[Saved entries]
::::

lemma autocratic_if_potential:
  fixes \<phi> :: "'x::finite \<Rightarrow> 'y::finite \<Rightarrow> real" and \<sigma>X :: "('x, 'y) bstrat"
    and V :: "('x, 'y) hist \<Rightarrow> real"
  assumes "\<eta> > 0" and bounded: "\<And>h. \<bar>V h\<bar> \<le> B"
    and drift: "\<And>h y. (\<Sum>x\<in>UNIV. pmf (\<sigma>X h) x * V (h @ [(x, y)]))
                    = V h - \<eta> * (\<Sum>x\<in>UNIV. pmf (\<sigma>X h) x * \<phi> x y)"
  shows "autocratic \<phi> \<sigma>X"
  unfolding autocratic_def
proof
  fix \<sigma>Y :: "('y, 'x) bstrat"
  define Q where "Q t = measure_pmf.expectation (play \<sigma>X \<sigma>Y t) V" for t
  have integrable: "integrable (measure_pmf (play \<sigma>X \<sigma>Y t)) f" for t and f :: "_ \<Rightarrow> real"
    by (intro integrable_measure_pmf_finite finite_set_pmf_play)
  have "\<bar>Q t\<bar> \<le> B" for t
    unfolding Q_def
    by (rule order.trans[OF integral_abs_bound])
       (intro measure_pmf.integral_le_const integrable; simp add: bounded)
  moreover have "Q t - Q (Suc t) = \<eta> * stage_payoff \<phi> \<sigma>X \<sigma>Y t" for t
  proof -
    have "(\<Sum>x\<in>UNIV. \<Sum>y\<in>UNIV. pmf (\<sigma>X h) x * pmf \<rho> y * V (h @ [(x, y)]))
        = V h - \<eta> * (\<Sum>x\<in>UNIV. \<Sum>y\<in>UNIV. pmf (\<sigma>X h) x * pmf \<rho> y * \<phi> x y)"
      for h and \<rho> :: "'y pmf"
    proof -
      have total: "(\<Sum>y\<in>UNIV. pmf \<rho> y * c) = c" for c
        by (simp add: sum_distrib_right[symmetric] sum_pmf_eq_1)
      have "(\<Sum>x\<in>UNIV. \<Sum>y\<in>UNIV. pmf (\<sigma>X h) x * pmf \<rho> y * V (h @ [(x, y)]))
          = (\<Sum>y\<in>UNIV. pmf \<rho> y * (\<Sum>x\<in>UNIV. pmf (\<sigma>X h) x * V (h @ [(x, y)])))"
        by (subst sum.swap) (simp add: sum_distrib_left mult_ac)
      also have "\<dots> = (\<Sum>y\<in>UNIV. pmf \<rho> y * V h)
          - \<eta> * (\<Sum>y\<in>UNIV. pmf \<rho> y * (\<Sum>x\<in>UNIV. pmf (\<sigma>X h) x * \<phi> x y))"
        by (simp add: drift right_diff_distrib sum_subtractf sum_distrib_left mult_ac)
      also have "\<dots> = V h - \<eta> * (\<Sum>x\<in>UNIV. \<Sum>y\<in>UNIV. pmf (\<sigma>X h) x * pmf \<rho> y * \<phi> x y)"
        unfolding total by (subst sum.swap) (simp add: sum_distrib_left mult_ac)
      finally show ?thesis .
    qed
    then show ?thesis
      unfolding Q_def expectation_play_Suc stage_payoff_eq
      by (simp add: integrable)
  qed
  ultimately have "(\<lambda>T. \<eta> * ((\<Sum>t\<le>T. stage_payoff \<phi> \<sigma>X \<sigma>Y t) / real (T + 1))) \<longlonglongrightarrow> \<eta> * 0"
    using cesaro_telescoping_tendsto_zero[of Q B] by (simp add: sum_distrib_left)
  with \<open>\<eta> > 0\<close> show "(\<lambda>T. (\<Sum>t\<le>T. stage_payoff \<phi> \<sigma>X \<sigma>Y t) / real (T + 1)) \<longlonglongrightarrow> 0"
    by (subst (asm) tendsto_mult_left_iff) auto
qed

lemma ex_step_size:
  fixes a b :: "'y::finite \<Rightarrow> real"
  assumes "\<And>y. 0 \<le> a y" "\<And>y. b y \<le> 0"
  shows "\<exists>\<eta>>0. \<forall>p\<in>{0..1}. \<forall>y. p - \<eta> * (p * a y + (1 - p) * b y) \<in> {0..1}"
proof -
  define K where "K = 1 + (\<Sum>y\<in>UNIV. a y - b y)"
  have nonneg: "b y \<le> a y" for y
    using assms[of y] by simp
  have "a y - b y \<le> (\<Sum>y\<in>UNIV. a y - b y)" for y
    by (rule member_le_sum) (simp_all add: nonneg)
  then have le_K: "a y \<le> K" "- b y \<le> K" for y
    using assms[of y] unfolding K_def by (smt (verit))+
  have "K > 0"
    using sum_nonneg[of UNIV "\<lambda>y. a y - b y"] nonneg by (simp add: K_def)
  have "p - (p * a y + (1 - p) * b y) / K \<in> {0..1}" if "p \<in> {0..1}" for p y
  proof -
    have "1 - a y / K \<in> {0..1}" "- b y / K \<in> {0..1}"
      using le_K[of y] assms[of y] \<open>K > 0\<close> by (auto simp: field_simps)
    then have "(1 - p) *\<^sub>R (- b y / K) + p *\<^sub>R (1 - a y / K) \<in> {0..1::real}"
      using that by (intro convexD) auto
    then show ?thesis
      by (simp add: algebra_simps diff_divide_distrib add_divide_distrib)
  qed
  with \<open>K > 0\<close> show ?thesis
    by (intro exI[of _ "1 / K"]) auto
qed

text \<open>The weight p of \<open>\<tau> = mix p \<tau>p \<tau>m\<close> is recovered by choice; it is unique unless
  \<open>\<tau>p = \<tau>m\<close>, and then the result does not depend on it.\<close>

definition two_point_update ::
    "'x pmf \<Rightarrow> 'x pmf \<Rightarrow> (real \<Rightarrow> 'y \<Rightarrow> real) \<Rightarrow> 'x pmf \<Rightarrow> 'y \<Rightarrow> 'x pmf"
  where "two_point_update \<tau>p \<tau>m pstar \<tau> s =
    mix (pstar (SOME p. p \<in> {0..1} \<and> \<tau> = mix p \<tau>p \<tau>m) s) \<tau>p \<tau>m"

lemma two_point_update_mix:
  assumes "p \<in> {0..1}"
  shows "two_point_update \<tau>p \<tau>m pstar (mix p \<tau>p \<tau>m) s = mix (pstar p s) \<tau>p \<tau>m"
proof (cases "\<tau>p = \<tau>m")
  case True
  then show ?thesis by (simp add: two_point_update_def mix_self)
next
  case False
  then have "(SOME q. q \<in> {0..1} \<and> mix p \<tau>p \<tau>m = mix q \<tau>p \<tau>m) = p"
    using assms by (intro some_equality) (auto simp: mix_inject)
  then show ?thesis by (simp add: two_point_update_def)
qed

lemma two_point_two_point_update:
  assumes "p0 \<in> {0..1}" and "\<And>p s. p \<in> {0..1} \<Longrightarrow> pstar p s \<in> {0..1}"
  shows "two_point (mix p0 \<tau>p \<tau>m) (two_point_update \<tau>p \<tau>m pstar)"
  unfolding two_point_def
proof (intro exI conjI)
  show "p0 \<in> {0..1}" by (rule assms(1))
  show "\<forall>p\<in>{0..1}. \<forall>s. pstar p s \<in> {0..1}"
    using assms(2) by blast
  show "mix p0 \<tau>p \<tau>m = mix p0 \<tau>p \<tau>m" ..
  show "\<forall>p\<in>{0..1}. \<forall>s.
      two_point_update \<tau>p \<tau>m pstar (mix p \<tau>p \<tau>m) s = mix (pstar p s) \<tau>p \<tau>m"
    by (simp add: two_point_update_mix)
qed

lemma reactive_strategy_two_point_update:
  assumes "p0 \<in> {0..1}" and pstar: "\<And>p s. p \<in> {0..1} \<Longrightarrow> pstar p s \<in> {0..1}"
  shows "reactive_strategy (mix p0 \<tau>p \<tau>m) (two_point_update \<tau>p \<tau>m pstar) h
           = mix (foldl (\<lambda>p a. pstar p (snd a)) p0 h) \<tau>p \<tau>m
         \<and> foldl (\<lambda>p a. pstar p (snd a)) p0 h \<in> {0..1}"
  using assms(1) unfolding reactive_strategy_def
proof (induction h arbitrary: p0)
  case (Cons a h)
  then show ?case
    using Cons.IH[OF pstar[OF Cons.prems]] by (simp add: two_point_update_mix)
qed simp

lemma autocratic_two_point_update:
  fixes \<phi> :: "'x::finite \<Rightarrow> 'y::finite \<Rightarrow> real"
  assumes "\<eta> > 0" and "p0 \<in> {0..1}"
    and "\<And>p y. p \<in> {0..1} \<Longrightarrow>
      p - \<eta> * (\<Sum>x\<in>UNIV. pmf (mix p \<tau>p \<tau>m) x * \<phi> x y) \<in> {0..1}"
  shows "autocratic \<phi> (reactive_strategy (mix p0 \<tau>p \<tau>m)
           (two_point_update \<tau>p \<tau>m (\<lambda>p y. p - \<eta> * (\<Sum>x\<in>UNIV. pmf (mix p \<tau>p \<tau>m) x * \<phi> x y))))"
    (is "autocratic \<phi> ?\<sigma>X")
proof -
  define pstar where "pstar p y = p - \<eta> * (\<Sum>x\<in>UNIV. pmf (mix p \<tau>p \<tau>m) x * \<phi> x y)" for p y
  define V where "V h = foldl (\<lambda>p a. pstar p (snd a)) p0 h" for h :: "('x \<times> 'y) list"
  have "?\<sigma>X h = mix (V h) \<tau>p \<tau>m \<and> V h \<in> {0..1}" for h
    unfolding V_def pstar_def
    by (rule reactive_strategy_two_point_update) (use assms in auto)
  then have strategy: "?\<sigma>X h = mix (V h) \<tau>p \<tau>m" and V: "V h \<in> {0..1}" for h
    by simp_all
  show ?thesis
  proof (rule autocratic_if_potential[where V = V and B = 1, OF \<open>\<eta> > 0\<close>])
    show "\<bar>V h\<bar> \<le> 1" for h
      using V[of h] by auto
    show "(\<Sum>x\<in>UNIV. pmf (?\<sigma>X h) x * V (h @ [(x, y)]))
        = V h - \<eta> * (\<Sum>x\<in>UNIV. pmf (?\<sigma>X h) x * \<phi> x y)" for h y
    proof -
      have "V (h @ [(x, y)]) = pstar (V h) y" for x
        by (simp add: V_def)
      then show ?thesis
        unfolding strategy by (simp add: sum_distrib_right[symmetric] sum_pmf_eq_1 pstar_def)
    qed
  qed
qed

theorem theorem3:
  fixes \<phi> :: "'x::finite \<Rightarrow> 'y::finite \<Rightarrow> real"
    and \<sigma>X :: "('x, 'y) bstrat"
  assumes "autocratic \<phi> \<sigma>X"
  shows "\<exists>\<sigma>0 (\<sigma>s :: 'x pmf \<Rightarrow> 'y \<Rightarrow> 'x pmf).
           two_point \<sigma>0 \<sigma>s \<and> autocratic \<phi> (reactive_strategy \<sigma>0 \<sigma>s)"
proof -
  obtain \<tau>p where \<tau>p: "\<forall>y. 0 \<le> (\<Sum>x\<in>UNIV. pmf \<tau>p x * \<phi> x y)"
    using autocratic_imp_nonneg_guarantee[OF assms] ..
  obtain \<tau>m where \<tau>m: "\<forall>y. (\<Sum>x\<in>UNIV. pmf \<tau>m x * \<phi> x y) \<le> 0"
    using autocratic_imp_nonpos_guarantee[OF assms] ..
  define a where "a y = (\<Sum>x\<in>UNIV. pmf \<tau>p x * \<phi> x y)" for y
  define b where "b y = (\<Sum>x\<in>UNIV. pmf \<tau>m x * \<phi> x y)" for y
  obtain \<eta> where "\<eta> > 0" and step: "\<forall>p\<in>{0..1}. \<forall>y. p - \<eta> * (p * a y + (1 - p) * b y) \<in> {0..1}"
    using ex_step_size[of a b] \<tau>p \<tau>m by (auto simp: a_def b_def)
  let ?pstar = "\<lambda>p y. p - \<eta> * (\<Sum>x\<in>UNIV. pmf (mix p \<tau>p \<tau>m) x * \<phi> x y)"
  have pstar: "?pstar p y \<in> {0..1}" if "p \<in> {0..1}" for p y
    using step that by (simp add: sum_pmf_mix a_def b_def)
  have "two_point (mix 0 \<tau>p \<tau>m) (two_point_update \<tau>p \<tau>m ?pstar)"
    by (rule two_point_two_point_update[OF _ pstar]) simp_all
  moreover have "autocratic \<phi> (reactive_strategy (mix 0 \<tau>p \<tau>m) (two_point_update \<tau>p \<tau>m ?pstar))"
    by (rule autocratic_two_point_update[OF \<open>\<eta> > 0\<close> _ pstar]) simp_all
  ultimately show ?thesis by blast
qed

end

::::

* [YOUR TASK]: Nothing but the lines above from the one containing "y)]) = pstar" through the one containing "by (rule two_point_two_point_update[OF" should appear in the answer, each repeated exactly.

* [SOLVED EXERCISE]:
      have "V (h @ [(x, y)]) = pstar (V h) y" for x
        by (simp add: V_def)
      then show ?thesis
        unfolding strategy by (simp add: sum_distrib_right[symmetric] sum_pmf_eq_1 pstar_def)
    qed
  qed
qed

theorem theorem3:
  fixes \<phi> :: "'x::finite \<Rightarrow> 'y::finite \<Rightarrow> real"
    and \<sigma>X :: "('x, 'y) bstrat"
  assumes "autocratic \<phi> \<sigma>X"
  shows "\<exists>\<sigma>0 (\<sigma>s :: 'x pmf \<Rightarrow> 'y \<Rightarrow> 'x pmf).
           two_point \<sigma>0 \<sigma>s \<and> autocratic \<phi> (reactive_strategy \<sigma>0 \<sigma>s)"
proof -
  obtain \<tau>p where \<tau>p: "\<forall>y. 0 \<le> (\<Sum>x\<in>UNIV. pmf \<tau>p x * \<phi> x y)"
    using autocratic_imp_nonneg_guarantee[OF assms] ..
  obtain \<tau>m where \<tau>m: "\<forall>y. (\<Sum>x\<in>UNIV. pmf \<tau>m x * \<phi> x y) \<le> 0"
    using autocratic_imp_nonpos_guarantee[OF assms] ..
  define a where "a y = (\<Sum>x\<in>UNIV. pmf \<tau>p x * \<phi> x y)" for y
  define b where "b y = (\<Sum>x\<in>UNIV. pmf \<tau>m x * \<phi> x y)" for y
  obtain \<eta> where "\<eta> > 0" and step: "\<forall>p\<in>{0..1}. \<forall>y. p - \<eta> * (p * a y + (1 - p) * b y) \<in> {0..1}"
    using ex_step_size[of a b] \<tau>p \<tau>m by (auto simp: a_def b_def)
  let ?pstar = "\<lambda>p y. p - \<eta> * (\<Sum>x\<in>UNIV. pmf (mix p \<tau>p \<tau>m) x * \<phi> x y)"
  have pstar: "?pstar p y \<in> {0..1}" if "p \<in> {0..1}" for p y
    using step that by (simp add: sum_pmf_mix a_def b_def)
  have "two_point (mix 0 \<tau>p \<tau>m) (two_point_update \<tau>p \<tau>m ?pstar)"
    by (rule two_point_two_point_update[OF _ pstar]) simp_all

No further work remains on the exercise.